Answer would be - it depends. Some games require activation, and it might start downloading soon after the activation is over. Try starting Steam in offline mode and then launch the game - and see if it works

  • 1
    Didn't work. It restarted downloading the game update. Also said something along the lines of "this game is not ready to be played yet" stupid steam
    – Kurru
    Commented Dec 26, 2010 at 17:35
  • @Kurru Sorry, guess you're out of luck then. Commented Dec 26, 2010 at 22:08

If you have the actual disc, or a Steam backup disc, then yes.

Once a Steam game is installed, you can go to your Steam library, right-click the game's name, choose Properties, click the Updates tab, and change the Automatic Updates dropdown to "Do not automatically update this game."

It's a good idea to go into Offline mode before doing this, or launching Steam while not connected to a network so that it doesn't start downloading the update automatically.

Important Note: Turning off auto-update is almost worthless on multiplayer games, as the servers tend to run the latest version. This includes such popular games as Counter-Strike (original and Source) and Team Fortress 2.

  • 1
    Turning off auto-update was already done, which steam ignored :-/ And it was initially installed from a DVD and then again from my other computers backup disc (which then triggered a new 6GB file download... fail)
    – Kurru
    Commented Dec 26, 2010 at 17:36
  • That's... weird.
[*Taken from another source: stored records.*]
lemma pattern_realized_cong:
  "\<forall>k\<in>{1..N}. x k = x' k \<Longrightarrow> pattern_realized M n m \<phi> N P x \<longleftrightarrow> pattern_realized M n m \<phi> N P x'"
  by (simp add: pattern_realized_def pattern_solutions_def)

lemma pattern_homogeneous_subsequence:
  fixes a :: "nat \<Rightarrow> 'a list"
  obtains h :: "nat \<Rightarrow> nat" where "strict_mono h"
    "\<And>P g g'. P \<subseteq> {1..N} \<Longrightarrow> strict_mono_on {1..N} g \<Longrightarrow> strict_mono_on {1..N} g' \<Longrightarrow>
      pattern_realized M n m \<phi> N P (a \<circ> h \<circ> g) \<Longrightarrow> pattern_realized M n m \<phi> N P (a \<circ> h \<circ> g')"
proof -
  define c where "c g = {P \<in> Pow {1..N}. pattern_realized M n m \<phi> N P (a \<circ> g)}" for g :: "nat \<Rightarrow> nat"
  have fin: "finite (range c)"
    by (rule finite_subset[of _ "Pow (Pow {1..N})"]) (auto simp: c_def)
  have c_cong: "c f = c g" if "\<forall>p\<in>{1..N}. f p = g p" for f g
  proof -
    have agree: "\<forall>k\<in>{1..N}. (a \<circ> f) k = (a \<circ> g) k"
      using that by simp
    show ?thesis
      by (simp only: c_def pattern_realized_cong[OF agree])
  qed
  obtain h :: "nat \<Rightarrow> nat" where h: "strict_mono h"
    and hom: "\<And>g g'. strict_mono_on {1..N} g \<Longrightarrow> strict_mono_on {1..N} g' \<Longrightarrow> c (h \<circ> g) = c (h \<circ> g')"
    using Ramsey_strict_mono_tuples[OF fin c_cong] by metis
  show thesis
  proof (rule that[OF h])
    fix P and g g' :: "nat \<Rightarrow> nat"
    assume "P \<subseteq> {1..N}" "strict_mono_on {1..N} g" "strict_mono_on {1..N} g'"
      "pattern_realized M n m \<phi> N P (a \<circ> h \<circ> g)"
    then show "pattern_realized M n m \<phi> N P (a \<circ> h \<circ> g')"
      using hom[of g g'] by (auto simp: c_def comp_assoc)
  qed
qed

lemma pattern_realized_initial_segment:
  fixes g :: "nat \<Rightarrow> nat"
  assumes "\<forall>i j. holds2 M n \<phi> (a i) (b j) \<longleftrightarrow> i < j" "\<forall>j. tuple M m (b j)"
    and g: "strict_mono_on {1..N} g" and "t \<le> N"
  shows "pattern_realized M n m \<phi> N {1..t} (a \<circ> g)"
proof -
  define j where "j = (if t = 0 then 0 else Suc (g t))"
  have "g k < j \<longleftrightarrow> k \<in> {1..t}" if "k \<in> {1..N}" for k
    using that \<open>t \<le> N\<close> strict_mono_on_less_eq[OF g, of k t] by (auto simp: j_def)
  with assms(1,2) have "b j \<in> pattern_solutions M n m \<phi> {1..N} {1..t} (a \<circ> g)"
    by (auto simp: pattern_solutions_def)
  then show ?thesis
    unfolding pattern_realized_def by blast
qed

lemma gap_of_non_initial_segment:
  assumes "P \<subseteq> {1..N}" "\<forall>t\<le>N. P \<noteq> {1..t}"
  obtains k where "1 \<le> k" "Suc k \<le> N" "k \<notin> P" "Suc k \<in> P"
proof -
  have fin: "finite P"
    using assms(1) finite_subset by blast
  moreover have "P \<noteq> {}"
    using assms(2) by fastforce
  ultimately have t: "Max P \<in> P" "Max P \<le> N" "P \<subseteq> {1..Max P}"
    using assms(1) by auto
  define G where "G = {j \<in> {1..Max P}. j \<notin> P}"
  have "G \<noteq> {}"
    using assms(2) t by (auto simp: G_def)
  moreover have "finite G"
    by (simp add: G_def)
  ultimately have k: "Max G \<in> G" and k_max: "\<And>j. j \<in> G \<Longrightarrow> j \<le> Max G"
    by simp_all
  then have "Suc (Max G) \<le> Max P"
    using t(1) by (auto simp: G_def le_less)
  moreover have "Suc (Max G) \<notin> G"
    using k_max[of "Suc (Max G)"] by auto
  ultimately have "Suc (Max G) \<in> P"
    by (simp add: G_def)
  with k \<open>Suc (Max G) \<le> Max P\<close> t(2) show thesis
    by (intro that) (auto simp: G_def)
qed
No clue what's up with that, then.
    – user2974
    Commented Dec 26, 2010 at 19:50

This method is a bit of a hack and not officially supported by Valve (i.e. it might break in the future). However, it has the advantage that you won't be able to accidentally trigger an unwanted update by playing the game while Steam is still running and online (but I would still recommend making a backup of the installation directory, just in case), and it has worked for at least the last 3 years, so Valve does not appear to be in any rush to fix it.

  1. Find the app ID of your game. You can discover this number by going to the game's store page, right clicking anywhere, choosing "copy page URL," pasting it into Notepad (or any text editor), and extracting the number from the URL. For example, if you have the URL https://store.steampowered.com/app/1234567/Name_of_Game/, then 1234567 is the number we want.
  2. Go to the game in your Library, and click (gear icon) > Manage... > Browse local files. This will open a file explorer window.
  3. Go up two levels. You should see a bunch of files with names like appmanifest_1234567.acf, as well as some other files and folders.
  4. Find the appmanifest file that corresponds to your game (has the same number we found earlier).
  5. Right click the file, select "Properties", and check the read-only box, then click OK.
    On non-Windows platforms: Deny write permission, by whatever means your platform normally uses. On most Unix-like systems (macOS and Linux), the terminal command chmod a-w filename will remove all write permissions from filename. In most cases, chmod ug+w filename is the correct way to reverse this operation. I have also seen reports that this is insufficient, and you instead need to run something like sudo chattr +i filename (which is reversible with sudo chattr -i filename). sudo is the typical way of running a command with elevated privileges on most Unix-like systems, but your system might be different, and so you might need to modify these commands or run them under a root shell instead of using sudo.
  6. When you want to launch the game, you will have to run the exe directly, instead of clicking "play" in Steam. However, you don't have to quit Steam or put it into offline mode.
  7. If you later change your mind and want to update, you will need to repeat this process, and uncheck the read-only box. Otherwise, Steam will refuse to update the game. This won't affect updates for any other games.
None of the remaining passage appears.